Governor of Abyan Governorate
- Incumbent
- Assumed office 12 March 2017
- President: Abdrabbuh Mansour Hadi Rashad al-Alimi
- Preceded by: Al-Khader al-Saidi

Personal details
- Born: 1960s Yaramis, Abyan Governorate, Yemen
- Party: Islah

Military service
- Allegiance: Yemen
- Branch/service: Yemeni Land Forces
- Rank: Major general
- Battles/wars: Yemeni civil war (2014–present) Abyan campaign; ;

= Abu Bakr Hussein Salem =

Yemeni governor

Abu Bakr Hussein Salem is a Yemeni military officer who has served as the governor of Abyan since 2017. Aligned with the internationally recognized government of Yemen, Salem played a role in defending Abyan during the 2015 Houthi offensive amidst the Yemeni civil war.
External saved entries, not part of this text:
lemma Dnorm_bounded_starf_term:
  fixes h :: complex
  assumes \<rho>: "0 \<le> \<rho>" and \<delta>: "0 < \<delta>" "\<delta> \<le> 1"
    and poch: "\<And>k. \<delta> ^ k * fact k \<le> cmod (pochhammer (1 / (2 * h)) k)"
    and P: "P \<in> mi (Suc n)" and Q: "Q \<in> mi (Suc n)" and R: "R \<in> mi (Suc n)" and S: "S \<in> mi (Suc n)"
    and PQ: "msize (Suc n) P = msize (Suc n) Q" and RS: "msize (Suc n) R = msize (Suc n) S"
    and T: "\<forall>i. T i \<le> min (P i) (S i)"
  defines "D \<equiv> 4 * (cmod (1 / (2 * h)) + 1) / \<delta>" and "K \<equiv> max 1 \<rho> ^ 2 * real (Suc n)"
    and "p \<equiv> msize (Suc n) P" and "s \<equiv> msize (Suc n) S"
  shows "Dnorm_bounded n \<rho> (\<lambda>w. star_coeff n (1 / (2 * h)) P S T
      * fPQ n (\<lambda>i. P i + R i - T i) (\<lambda>i. Q i + S i - T i) w) (D ^ (p + s) * K ^ (p + s))"
proof -
  have D: "1 \<le> D" and K: "1 \<le> K"
    unfolding D_def K_def using star_radius_factors_ge_1[OF \<delta>] by auto
  have PRT: "(\<lambda>i. P i + R i - T i) \<in> mi (Suc n)" and QST: "(\<lambda>i. Q i + S i - T i) \<in> mi (Suc n)"
    using P Q R S unfolding mi_def by auto
  have size_PRT: "msize (Suc n) (\<lambda>i. P i + R i - T i) = p + s - msize (Suc n) T"
    using msize_add_diff[of T P "Suc n" R] T RS unfolding p_def s_def by simp
  have "msize (Suc n) (\<lambda>i. S i + Q i - T i) = s + p - msize (Suc n) T"
    using msize_add_diff[of T S "Suc n" Q] T PQ unfolding p_def s_def by simp
  then have size_QST: "msize (Suc n) (\<lambda>i. Q i + S i - T i) = p + s - msize (Suc n) T"
    by (simp add: add.commute)
  have "Dnorm_bounded n \<rho> (fPQ n (\<lambda>i. P i + R i - T i) (\<lambda>i. Q i + S i - T i))
      (K ^ (p + s - msize (Suc n) T))"
    using Dnorm_bounded_fPQ[OF \<rho> PRT QST] size_PRT size_QST unfolding K_def by simp
  then have "Dnorm_bounded n \<rho> (\<lambda>w. star_coeff n (1 / (2 * h)) P S T
      * fPQ n (\<lambda>i. P i + R i - T i) (\<lambda>i. Q i + S i - T i) w)
      (cmod (star_coeff n (1 / (2 * h)) P S T) * K ^ (p + s - msize (Suc n) T))"
    by (rule Dnorm_bounded_scale)
  moreover have "cmod (star_coeff n (1 / (2 * h)) P S T) * K ^ (p + s - msize (Suc n) T)
      \<le> D ^ (p + s) * K ^ (p + s)"
  proof (rule mult_mono)
    show "cmod (star_coeff n (1 / (2 * h)) P S T) \<le> D ^ (p + s)"
      unfolding D_def p_def s_def by (rule norm_star_coeff_le[OF T \<delta>(1) poch])
    show "K ^ (p + s - msize (Suc n) T) \<le> K ^ (p + s)" by (rule power_increasing) (use K in auto)
  qed (use D K in auto)
  ultimately show ?thesis by (rule Dnorm_bounded_mono)
qed

lemma Dnorm_bounded_starf:
  fixes h :: complex
  assumes \<rho>: "0 \<le> \<rho>" and \<delta>: "0 < \<delta>" "\<delta> \<le> 1"
    and poch: "\<And>k. \<delta> ^ k * fact k \<le> cmod (pochhammer (1 / (2 * h)) k)"
    and P: "P \<in> mi (Suc n)" and Q: "Q \<in> mi (Suc n)" and R: "R \<in> mi (Suc n)" and S: "S \<in> mi (Suc n)"
    and PQ: "msize (Suc n) P = msize (Suc n) Q" and RS: "msize (Suc n) R = msize (Suc n) S"
  shows "Dnorm_bounded n \<rho> (starf n h P Q R S) (star_radius n h \<delta> \<rho> ^ (msize (Suc n) P + msize (Suc n) S))"
proof -
  define Ts where "Ts = {T\<in>mi (Suc n). \<forall>i. T i \<le> min (P i) (S i)}"
  define D where "D = 4 * (cmod (1 / (2 * h)) + 1) / \<delta>"
  define K where "K = max 1 \<rho> ^ 2 * real (Suc n)"
  define p where "p = msize (Suc n) P"
  define s where "s = msize (Suc n) S"
  have D: "1 \<le> D" and K: "1 \<le> K"
    unfolding D_def K_def using star_radius_factors_ge_1[OF \<delta>] by auto
  have "finite Ts" unfolding Ts_def by (rule finite_card_below_multi_index)
  moreover have "Dnorm_bounded n \<rho> (\<lambda>w. star_coeff n (1 / (2 * h)) P S T
      * fPQ n (\<lambda>i. P i + R i - T i) (\<lambda>i. Q i + S i - T i) w) (D ^ (p + s) * K ^ (p + s))"
    if "T \<in> Ts" for T
    using Dnorm_bounded_starf_term[OF \<rho> \<delta> poch P Q R S PQ RS] that
    unfolding Ts_def D_def K_def p_def s_def by blast
  ultimately have "Dnorm_bounded n \<rho> (starf n h P Q R S) (\<Sum>T\<in>Ts. D ^ (p + s) * K ^ (p + s))"
    unfolding starf_eq_sum_star_coeff Ts_def[symmetric] by (rule Dnorm_bounded_sum[OF \<rho>])
  moreover have "(\<Sum>T\<in>Ts. D ^ (p + s) * K ^ (p + s)) \<le> star_radius n h \<delta> \<rho> ^ (p + s)"
  proof -
    have "card Ts \<le> 2 ^ p"
      using finite_card_below_multi_index(2)[of "Suc n" P S] unfolding Ts_def p_def .
    then have "real (card Ts) \<le> 2 ^ p" by (simp add: of_nat_le_iff[symmetric])
    also have "\<dots> \<le> 2 ^ (p + s)" by (rule power_increasing) auto
    finally have "real (card Ts) * (D ^ (p + s) * K ^ (p + s)) \<le> 2 ^ (p + s) * (D ^ (p + s) * K ^ (p + s))"
      by (rule mult_right_mono) (use D K in auto)
    then show ?thesis
      unfolding star_radius_def D_def[symmetric] K_def[symmetric] by (simp add: power_mult_distrib)
  qed
  ultimately show ?thesis unfolding p_def s_def by (rule Dnorm_bounded_mono)
qed

lemma mtail_lift: "mtail (lift n m P) = P"
  unfolding mtail_def lift_def by simp

lemma lift_mi: "P \<in> mi n \<Longrightarrow> lift n m P \<in> mi (Suc n)"
  unfolding mi_def lift_def by auto

lemma msize_lift: "msize n P \<le> m \<Longrightarrow> msize (Suc n) (lift n m P) = m"
  unfolding msize_Suc mtail_lift by (simp add: lift_def)

lemma liftL_liftR:
  assumes "x \<in> mi n \<times> mi n"
  shows "liftL n x \<in> mi (Suc n)" "liftR n x \<in> mi (Suc n)"
    "msize (Suc n) (liftL n x) = maxdeg n x" "msize (Suc n) (liftR n x) = maxdeg n x"
  using assms unfolding liftL_def liftR_def maxdeg_def
  by (auto intro!: lift_mi msize_lift)

lemma coeff_finite: "g \<in> PD n \<Longrightarrow> finite {x. coeff n g x \<noteq> 0}"
  using coeff_PD unfolding coeffs_ok_def by blast

lemma coeff_mi: "g \<in> PD n \<Longrightarrow> coeff n g x \<noteq> 0 \<Longrightarrow> x \<in> mi n \<times> mi n"
  using coeff_PD unfolding coeffs_ok_def by blast

lemma star_eq_sum_over:
  assumes "finite X" "{x. coeff n g1 x \<noteq> 0} \<subseteq> X" "finite Y" "{y. coeff n g2 y \<noteq> 0} \<subseteq> Y"
  shows "star n h g1 g2 w = (\<Sum>x\<in>X. \<Sum>y\<in>Y. coeff n g1 x * coeff n g2 y
      * starf n h (liftL n x) (liftR n x) (liftL n y) (liftR n y) w)"
proof -
  have "star n h g1 g2 w = (\<Sum>x\<in>{x. coeff n g1 x \<noteq> 0}. \<Sum>y\<in>Y. coeff n g1 x * coeff n g2 y
      * starf n h (liftL n x) (liftR n x) (liftL n y) (liftR n y) w)"
    unfolding star_def by (rule sum.cong[OF refl], rule sum.mono_neutral_left) (use assms in auto)
  also have "\<dots> = (\<Sum>x\<in>X. \<Sum>y\<in>Y. coeff n g1 x * coeff n g2 y
      * starf n h (liftL n x) (liftR n x) (liftL n y) (liftR n y) w)"
    by (rule sum.mono_neutral_left) (use assms in auto)
  finally show ?thesis .
qed

lemma Dnorm_bounded_star:
  fixes h :: complex
  assumes \<rho>: "0 \<le> \<rho>" and \<delta>: "0 < \<delta>" "\<delta> \<le> 1"
    and poch: "\<And>k. \<delta> ^ k * fact k \<le> cmod (pochhammer (1 / (2 * h)) k)"
    and g1: "g1 \<in> PD n" and g2: "g2 \<in> PD n"
  shows "Dnorm_bounded n \<rho> (star n h g1 g2)
    (Dnorm n (star_radius n h \<delta> \<rho>) g1 * Dnorm n (star_radius n h \<delta> \<rho>) g2)"
proof -
  define L where "L = star_radius n h \<delta> \<rho>"
  define X where "X = {x. coeff n g1 x \<noteq> 0}"
  define Y where "Y = {y. coeff n g2 y \<noteq> 0}"
  have L: "1 \<le> L" unfolding L_def using \<delta> by (rule star_radius_ge_1)
  have X: "finite X" and Y: "finite Y" unfolding X_def Y_def using coeff_finite g1 g2 by auto
  have bounded: "Dnorm_bounded n \<rho> (\<lambda>w. \<Sum>x\<in>X. \<Sum>y\<in>Y. (coeff n g1 x * coeff n g2 y)
        * starf n h (liftL n x) (liftR n x) (liftL n y) (liftR n y) w)
      (\<Sum>x\<in>X. \<Sum>y\<in>Y. cmod (coeff n g1 x * coeff n g2 y) * L ^ (maxdeg n x + maxdeg n y))"
  proof (intro Dnorm_bounded_sum \<rho> X Y Dnorm_bounded_scale)
    fix x y assume "x \<in> X" "y \<in> Y"
    then have "x \<in> mi n \<times> mi n" "y \<in> mi n \<times> mi n" using coeff_mi g1 g2 X_def Y_def by auto
    then show "Dnorm_bounded n \<rho> (starf n h (liftL n x) (liftR n x) (liftL n y) (liftR n y))
        (L ^ (maxdeg n x + maxdeg n y))"
      using Dnorm_bounded_starf[OF \<rho> \<delta> poch liftL_liftR(1,2) liftL_liftR(1,2)]
      unfolding L_def by (simp add: liftL_liftR(3,4))
  qed
  have star_eq: "star n h g1 g2 = (\<lambda>w. \<Sum>x\<in>X. \<Sum>y\<in>Y. (coeff n g1 x * coeff n g2 y)
      * starf n h (liftL n x) (liftR n x) (liftL n y) (liftR n y) w)"
    by (rule ext, rule star_eq_sum_over) (use X Y X_def Y_def in auto)
  have "(\<Sum>x\<in>X. \<Sum>y\<in>Y. cmod (coeff n g1 x * coeff n g2 y) * L ^ (maxdeg n x + maxdeg n y))
      \<le> (\<Sum>x\<in>X. \<Sum>y\<in>Y. (cmod (coeff n g1 x) * L ^ bideg n x) * (cmod (coeff n g2 y) * L ^ bideg n y))"
  proof (intro sum_mono)
    fix x y
    have "L ^ (maxdeg n x + maxdeg n y) \<le> L ^ (bideg n x + bideg n y)"
      by (rule power_increasing) (use L maxdeg_le_bideg[of n x] maxdeg_le_bideg[of n y] in auto)
    then have "cmod (coeff n g1 x * coeff n g2 y) * L ^ (maxdeg n x + maxdeg n y)
        \<le> cmod (coeff n g1 x * coeff n g2 y) * L ^ (bideg n x + bideg n y)"
      by (rule mult_left_mono) simp
    then show "cmod (coeff n g1 x * coeff n g2 y) * L ^ (maxdeg n x + maxdeg n y)
        \<le> (cmod (coeff n g1 x) * L ^ bideg n x) * (cmod (coeff n g2 y) * L ^ bideg n y)"
      by (simp only: norm_mult power_add mult_ac)
  qed
  also have "\<dots> = Dnorm n L g1 * Dnorm n L g2"
    unfolding Dnorm_eq_coeff_norm coeff_norm_def X_def Y_def by (rule sum_product[symmetric])
  finally have "(\<Sum>x\<in>X. \<Sum>y\<in>Y. cmod (coeff n g1 x * coeff n g2 y) * L ^ (maxdeg n x + maxdeg n y))
      \<le> Dnorm n L g1 * Dnorm n L g2" .
  with bounded show ?thesis unfolding star_eq L_def[symmetric] by (rule Dnorm_bounded_mono)
qed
Salem is affiliated with the Islah party, and is an ally of the central government.

== Biography ==
Salem was born in the 1960s in the Yaramis area of Khanfar district, Abyan. He rose through the ranks of the Yemeni Armed Forces from a private during the 1990s to a brigadier general by the end of 2014. He earned a master's degree in the national Naval College and Military College, and later travelled abroad to study several military training courses in Russia.

He was the commander of the Coastal Defense Brigade stationed in al-Hudaydah Governorate from 2009 to 2015. His tenure was marked with recognition for the brigade's combat excellence, ranking first place in the annual evaluation of the armed forces units for the combat, operational and moral preparation training year in 2013.

From the start of the Yemeni civil war, Salem sided with the internationally recognized government led by President Abdrabbuh Mansour Hadi. Salem was ordered by the government to return to Abyan during the Houthi offensive in March 2015. There, he helped organize the local Popular Committees, groups of anti-Houthi tribal fighters, and was appointed the head of the Military Coordination Council of the Resistance in Abyan. In May 2016, he was appointed to lead the Abyan military axis and the 15th Infantry Brigade after the assassination of its previous commander earlier in the year.

On 12 March 2017, Salem was appointed as the governor of Abyan amid protests calling for the replacement of the previous governor. He retained his position as the Abyan axis commander, becoming the first provincial governor in Yemen to do so. The decision to appoint Salem, a military officer, was likely made in context of the security crisis which the governorate was facing at the time due to the presence of al-Qaeda in the Arabian Peninsula (AQAP), which had been expelled from most population centers earlier but remained a threat. Security issues were compounded with public services issues for residents which had been ongoing since 2011.

By 2020, the European Council on Foreign Relations noted Salem as being "one of the few Islah-backed IRG figures who has retained a degree of influence there since the STC's partial takeover of the governorate." Salem has praised Operation Arrows of the East, an STC-led counterinsurgency campaign against AQAP, for uniting the different military forces in Abyan and making major gains against the insurgents.